Instructions to follow: Print nothing except the lines of the listing below from the line with "(\<forall>a<5. \<forall>b<5. E" to the line with "(j-1), cv C j, cv", each exactly as written, both ends included.

Records for this exercise:
---------------

(* Let $G$ be a $(P_5,\text{chair})$-free graph and let $C=v_1v_2v_3v_4v_5v_1$ be an induced $C_5$ in $G$. Let $1\le i\le 5$, let $u,v\in S_4(i)$ with $uv\notin E(G)$, and let $s\in R_i=S^1_3(i+1)\cup S^1_3(i-1)\cup S^2_3(i)\cup S_4(i+1)\cup S_4(i-1)\cup S_5$. Then $s$ is adjacent to at least one of $u,v$.
   Context: All graphs are finite and simple; $P_5$ is the path on 5 vertices; the chair is a $P_4$ plus a vertex adjacent to exactly one of the two middle vertices of the $P_4$; "$H$-free" means no induced subgraph isomorphic to $H$. Indices modulo 5; for $v\notin V(C)$ let $N_C(v)=N(v)\cap V(C)$. $S^1_3(j)=\{v\notin V(C): N_C(v)=\{v_{j-1},v_j,v_{j+1}\}\}$, $S^2_3(j)=\{v\notin V(C): N_C(v)=\{v_{j-2},v_j,v_{j+2}\}\}$, $S_4(j)=\{v\notin V(C): N_C(v)=\{v_{j-2},v_{j-1},v_{j+1},v_{j+2}\}\}$, $S_5=\{v\notin V(C): N_C(v)=V(C)\}$. *)

theory Defs
  imports Main
begin

definition simple_graph :: "'a set \<Rightarrow> ('a \<Rightarrow> 'a \<Rightarrow> bool) \<Rightarrow> bool" where
  "simple_graph V E \<longleftrightarrow> finite V \<and> (\<forall>x y. E x y \<longrightarrow> x \<in> V \<and> y \<in> V)
     \<and> (\<forall>x y. E x y \<longrightarrow> E y x) \<and> (\<forall>x. \<not> E x x)"

definition has_induced :: "'a set \<Rightarrow> ('a \<Rightarrow> 'a \<Rightarrow> bool) \<Rightarrow> nat \<Rightarrow> (nat \<Rightarrow> nat \<Rightarrow> bool) \<Rightarrow> bool" where
  "has_induced V E n H \<longleftrightarrow> (\<exists>f. inj_on f {0..<n} \<and> f ` {0..<n} \<subseteq> V \<and>
     (\<forall>i<n. \<forall>j<n. i \<noteq> j \<longrightarrow> (E (f i) (f j) \<longleftrightarrow> H i j)))"

definition P5_edge :: "nat \<Rightarrow> nat \<Rightarrow> bool" where
  "P5_edge i j \<longleftrightarrow> i = j + 1 \<or> j = i + 1"

definition chair_edge :: "nat \<Rightarrow> nat \<Rightarrow> bool" where
  "chair_edge i j \<longleftrightarrow> {i, j} \<in> {{0,1},{1,2},{2,3},{1,4}}"

definition P5_chair_free :: "'a set \<Rightarrow> ('a \<Rightarrow> 'a \<Rightarrow> bool) \<Rightarrow> bool" where
  "P5_chair_free V E \<longleftrightarrow> \<not> has_induced V E 5 P5_edge \<and> \<not> has_induced V E 5 chair_edge"

text \<open>Cycle vertices v_j = C (j mod 5), with integer indices.\<close>
definition cv :: "(nat \<Rightarrow> 'a) \<Rightarrow> int \<Rightarrow> 'a" where
  "cv C j = C (nat (j mod 5))"

definition induced_C5 :: "'a set \<Rightarrow> ('a \<Rightarrow> 'a \<Rightarrow> bool) \<Rightarrow> (nat \<Rightarrow> 'a) \<Rightarrow> bool" where
  "induced_C5 V E C \<longleftrightarrow> inj_on C {0..<5} \<and> C ` {0..<5} \<subseteq> V \<and>
     (\<forall>a<5. \<forall>b<5. E (C a) (C b) \<longleftrightarrow> (int b - int a) mod 5 \<in> {1, 4})"

definition NC :: "('a \<Rightarrow> 'a \<Rightarrow> bool) \<Rightarrow> (nat \<Rightarrow> 'a) \<Rightarrow> 'a \<Rightarrow> 'a set" where
  "NC E C x = {y \<in> C ` {0..<5}. E x y}"

definition outside :: "'a set \<Rightarrow> (nat \<Rightarrow> 'a) \<Rightarrow> 'a set" where
  "outside V C = V - C ` {0..<5}"

definition S13 :: "'a set \<Rightarrow> ('a \<Rightarrow> 'a \<Rightarrow> bool) \<Rightarrow> (nat \<Rightarrow> 'a) \<Rightarrow> int \<Rightarrow> 'a set" where
  "S13 V E C j = {x \<in> outside V C. NC E C x = {cv C (j-1), cv C j, cv C (j+1)}}"

definition S23 :: "'a set \<Rightarrow> ('a \<Rightarrow> 'a \<Rightarrow> bool) \<Rightarrow> (nat \<Rightarrow> 'a) \<Rightarrow> int \<Rightarrow> 'a set" where
  "S23 V E C j = {x \<in> outside V C. NC E C x = {cv C (j-2), cv C j, cv C (j+2)}}"

definition S4 :: "'a set \<Rightarrow> ('a \<Rightarrow> 'a \<Rightarrow> bool) \<Rightarrow> (nat \<Rightarrow> 'a) \<Rightarrow> int \<Rightarrow> 'a set" where
  "S4 V E C j = {x \<in> outside V C. NC E C x = {cv C (j-2), cv C (j-1), cv C (j+1), cv C (j+2)}}"

definition S5 :: "'a set \<Rightarrow> ('a \<Rightarrow> 'a \<Rightarrow> bool) \<Rightarrow> (nat \<Rightarrow> 'a) \<Rightarrow> 'a set" where
  "S5 V E C = {x \<in> outside V C. NC E C x = C ` {0..<5}}"

definition R :: "'a set \<Rightarrow> ('a \<Rightarrow> 'a \<Rightarrow> bool) \<Rightarrow> (nat \<Rightarrow> 'a) \<Rightarrow> int \<Rightarrow> 'a set" where
  "R V E C i = S13 V E C (i+1) \<union> S13 V E C (i-1) \<union> S23 V E C i \<union>
      S4 V E C (i+1) \<union> S4 V E C (i-1) \<union> S5 V E C"

end

theory Submission
  imports Defs
begin

text \<open>Both u and v see v(i+1) and v(i+2) but not v(i), while s sees v(i) and, if it sees v(i+1),
  also v(i+2). If s missed both u and v, then either u - v(i+2) - s - v(i) (when s sees v(i+2)) or
  u - v(i+1) - v(i) - s (otherwise), with v hanging at the second vertex, would be an induced chair.\<close>

lemma simple_graph_sym: "simple_graph V E \<Longrightarrow> E x y \<Longrightarrow> E y x"
  unfolding simple_graph_def by blast

lemma all_less_5_iff: "(\<forall>i<(5::nat). P i) \<longleftrightarrow> P 0 \<and> P 1 \<and> P 2 \<and> P 3 \<and> P 4"
  by (auto simp: less_Suc_eq eval_nat_numeral)

lemma has_induced_chair:
  assumes G: "simple_graph V E" and in_V: "u \<in> V" "v \<in> V" "b \<in> V" "a \<in> V" "s \<in> V"
    and "u \<noteq> v"
    and edges: "E u b" "E v b" "E b a" "E a s"
    and non_edges: "\<not> E u v" "\<not> E u a" "\<not> E v a" "\<not> E u s" "\<not> E v s" "\<not> E b s"
  shows "has_induced V E 5 chair_edge"
proof -
  have sym: "\<And>x y. E x y \<Longrightarrow> E y x" and irrefl: "\<And>x. \<not> E x x"
    using G unfolding simple_graph_def by blast+
  have distinct: "u \<noteq> b" "v \<noteq> b" "b \<noteq> a" "a \<noteq> s" "u \<noteq> s" "u \<noteq> a" "v \<noteq> a" "v \<noteq> s" "b \<noteq> s"
    using edges non_edges irrefl sym by metis+
  let ?f = "\<lambda>n. [u, b, a, s, v] ! n"
  have "inj_on ?f {0..<5}"
    unfolding inj_on_def using distinct \<open>u \<noteq> v\<close> by (auto simp: less_Suc_eq eval_nat_numeral)
  moreover have "?f ` {0..<5} \<subseteq> V"
    using in_V by (auto simp: less_Suc_eq eval_nat_numeral)
  moreover have "\<forall>i<5. \<forall>j<5. i \<noteq> j \<longrightarrow> (E (?f i) (?f j) \<longleftrightarrow> chair_edge i j)"
    unfolding all_less_5_iff chair_edge_def using edges non_edges sym by (auto simp: doubleton_eq_iff)
  ultimately show ?thesis
    unfolding has_induced_def by blast
qed

lemma adj_pair_if_chair_free:
  assumes G: "simple_graph V E" and no_chair: "\<not> has_induced V E 5 chair_edge"
    and in_V: "u \<in> V" "v \<in> V" "s \<in> V" "p \<in> V" "q \<in> V" "r \<in> V"
    and "u \<noteq> v" "\<not> E u v"
    and "E q p" "\<not> E r p"
    and "E u q" "E v q" "E u r" "E v r" "\<not> E u p" "\<not> E v p"
    and "E s p" "E s q \<Longrightarrow> E s r"
  shows "E s u \<or> E s v"
proof (rule ccontr)
  assume "\<not> (E s u \<or> E s v)"
  then have "\<not> E u s" "\<not> E v s"
    using simple_graph_sym[OF G] by blast+
  have "has_induced V E 5 chair_edge"
  proof (cases "E s r")
    case True
    then show ?thesis
      using has_induced_chair[OF G, of u v r s p] assms \<open>\<not> E u s\<close> \<open>\<not> E v s\<close>
      by (auto dest: simple_graph_sym[OF G])
  next
    case False
    then show ?thesis
      using has_induced_chair[OF G, of u v q p s] assms \<open>\<not> E u s\<close> \<open>\<not> E v s\<close>
      by (auto dest: simple_graph_sym[OF G])
  qed
  with no_chair show False ..
qed

lemma cv_adj_iff:
  assumes "induced_C5 V E C"
  shows "E (cv C a) (cv C b) \<longleftrightarrow> (b - a) mod 5 \<in> {1, 4}"
proof -
  have "nat (a mod 5) < 5" "nat (b mod 5) < 5" by auto
  with assms have "E (cv C a) (cv C b) \<longleftrightarrow> (b mod 5 - a mod 5) mod 5 \<in> {1, 4}"
    unfolding induced_C5_def cv_def by simp
  also have "(b mod 5 - a mod 5) mod 5 = (b - a) mod 5"
    by (simp add: mod_diff_eq)
  finally show ?thesis .
qed

lemma cv_eq_iff:
  assumes "induced_C5 V E C"
  shows "cv C a = cv C b \<longleftrightarrow> a mod 5 = b mod 5"
proof -
  have "inj_on C {0..<5}" "nat (a mod 5) \<in> {0..<5}" "nat (b mod 5) \<in> {0..<5}"
    using assms unfolding induced_C5_def by auto
  then have "cv C a = cv C b \<longleftrightarrow> nat (a mod 5) = nat (b mod 5)"
    unfolding cv_def by (auto dest: inj_onD)
  then show ?thesis
    using eq_nat_nat_iff[of "a mod 5" "b mod 5"] by simp
qed

lemma cv_in_cycle: "cv C a \<in> C ` {0..<5}"
  unfolding cv_def by (rule imageI) auto

lemma cv_in_V: "induced_C5 V E C \<Longrightarrow> cv C a \<in> V"
  using cv_in_cycle[of C a] unfolding induced_C5_def by blast

lemma adj_cv_iff_NC:
  assumes "induced_C5 V E C" and "NC E C x = cv C ` P"
  shows "E x (cv C q) \<longleftrightarrow> (\<exists>p\<in>P. q mod 5 = p mod 5)"
proof -
  have "E x (cv C q) \<longleftrightarrow> cv C q \<in> NC E C x"
    unfolding NC_def using cv_in_cycle by blast
  also have "\<dots> \<longleftrightarrow> (\<exists>p\<in>P. cv C q = cv C p)"
    using assms(2) by auto
  finally show ?thesis
    using cv_eq_iff[OF assms(1)] by simp
qed

lemma S4_adj:
  assumes C5: "induced_C5 V E C" and "u \<in> S4 V E C i"
  shows "u \<in> V" "E u (cv C (i+1))" "E u (cv C (i+2))" "\<not> E u (cv C i)"
proof -
  have "NC E C u = cv C ` {i-2, i-1, i+1, i+2}"
    using assms(2) unfolding S4_def by auto
  from adj_cv_iff_NC[OF C5 this] show "E u (cv C (i+1))" "E u (cv C (i+2))" "\<not> E u (cv C i)"
    by (simp_all add: mod_eq_dvd_iff)
  show "u \<in> V"
    using assms(2) unfolding S4_def outside_def by auto
qed

lemma R_adj:
  assumes C5: "induced_C5 V E C" and "s \<in> R V E C i"
  shows "E s (cv C i)" "E s (cv C (i+1)) \<Longrightarrow> E s (cv C (i+2))"
proof -
  have "s \<in> S13 V E C (i+1) \<or> s \<in> S13 V E C (i-1) \<or> s \<in> S23 V E C i \<or>
      s \<in> S4 V E C (i+1) \<or> s \<in> S4 V E C (i-1) \<or> s \<in> S5 V E C"
    using assms(2) unfolding R_def by blast
  then have "E s (cv C i) \<and> (E s (cv C (i+1)) \<longrightarrow> E s (cv C (i+2)))"
  proof (elim disjE)
    assume "s \<in> S13 V E C (i+1)"
    then have "NC E C s = cv C ` {i+1-1, i+1, i+1+1}" unfolding S13_def by auto
    from adj_cv_iff_NC[OF C5 this] show ?thesis by (simp add: mod_eq_dvd_iff)
  next
    assume "s \<in> S13 V E C (i-1)"
    then have "NC E C s = cv C ` {i-1-1, i-1, i-1+1}" unfolding S13_def by auto
    from adj_cv_iff_NC[OF C5 this] show ?thesis by (simp add: mod_eq_dvd_iff)
  next
    assume "s \<in> S23 V E C i"
    then have "NC E C s = cv C ` {i-2, i, i+2}" unfolding S23_def by auto
    from adj_cv_iff_NC[OF C5 this] show ?thesis by (simp add: mod_eq_dvd_iff)
  next
    assume "s \<in> S4 V E C (i+1)"
    then have "NC E C s = cv C ` {i+1-2, i+1-1, i+1+1, i+1+2}" unfolding S4_def by auto
    from adj_cv_iff_NC[OF C5 this] show ?thesis by (simp add: mod_eq_dvd_iff)
  next
    assume "s \<in> S4 V E C (i-1)"
    then have "NC E C s = cv C ` {i-1-2, i-1-1, i-1+1, i-1+2}" unfolding S4_def by auto
    from adj_cv_iff_NC[OF C5 this] show ?thesis by (simp add: mod_eq_dvd_iff)
  next
    assume "s \<in> S5 V E C"
    then have "cv C j \<in> NC E C s" for j
      unfolding S5_def using cv_in_cycle by auto
    then show ?thesis
      unfolding NC_def by simp
  qed
  then show "E s (cv C i)" "E s (cv C (i+1)) \<Longrightarrow> E s (cv C (i+2))"
    by blast+
qed

theorem mainTheorem11:
  fixes V :: "'a set" and E :: "'a \<Rightarrow> 'a \<Rightarrow> bool" and C :: "nat \<Rightarrow> 'a"
    and i :: int and u v s :: 'a
  assumes "simple_graph V E"
    and "P5_chair_free V E"
    and "induced_C5 V E C"
    and "1 \<le> i" and "i \<le> 5"
    and "u \<in> S4 V E C i" and "v \<in> S4 V E C i" and "u \<noteq> v" and "\<not> E u v"
    and "s \<in> R V E C i"
  shows "E s u \<or> E s v"
proof -
  note C5 = \<open>induced_C5 V E C\<close>
  have "\<not> has_induced V E 5 chair_edge"
    using \<open>P5_chair_free V E\<close> unfolding P5_chair_free_def by blast
  moreover have "s \<in> V"
    using \<open>s \<in> R V E C i\<close> unfolding R_def S13_def S23_def S4_def S5_def outside_def by auto
  moreover have "E (cv C (i+1)) (cv C i)" "\<not> E (cv C (i+2)) (cv C i)"
    using cv_adj_iff[OF C5] by simp_all
  ultimately show ?thesis
    using adj_pair_if_chair_free[OF \<open>simple_graph V E\<close>, where p = "cv C i" and q = "cv C (i+1)"
        and r = "cv C (i+2)"] cv_in_V[OF C5]
      S4_adj[OF C5 \<open>u \<in> S4 V E C i\<close>] S4_adj[OF C5 \<open>v \<in> S4 V E C i\<close>] R_adj[OF C5 \<open>s \<in> R V E C i\<close>]
      \<open>u \<noteq> v\<close> \<open>\<not> E u v\<close>
    by blast
qed

end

---------------

Reply to the task:
     (\<forall>a<5. \<forall>b<5. E (C a) (C b) \<longleftrightarrow> (int b - int a) mod 5 \<in> {1, 4})"

definition NC :: "('a \<Rightarrow> 'a \<Rightarrow> bool) \<Rightarrow> (nat \<Rightarrow> 'a) \<Rightarrow> 'a \<Rightarrow> 'a set" where
  "NC E C x = {y \<in> C ` {0..<5}. E x y}"

definition outside :: "'a set \<Rightarrow> (nat \<Rightarrow> 'a) \<Rightarrow> 'a set" where
  "outside V C = V - C ` {0..<5}"

definition S13 :: "'a set \<Rightarrow> ('a \<Rightarrow> 'a \<Rightarrow> bool) \<Rightarrow> (nat \<Rightarrow> 'a) \<Rightarrow> int \<Rightarrow> 'a set" where
  "S13 V E C j = {x \<in> outside V C. NC E C x = {cv C (j-1), cv C j, cv C (j+1)}}"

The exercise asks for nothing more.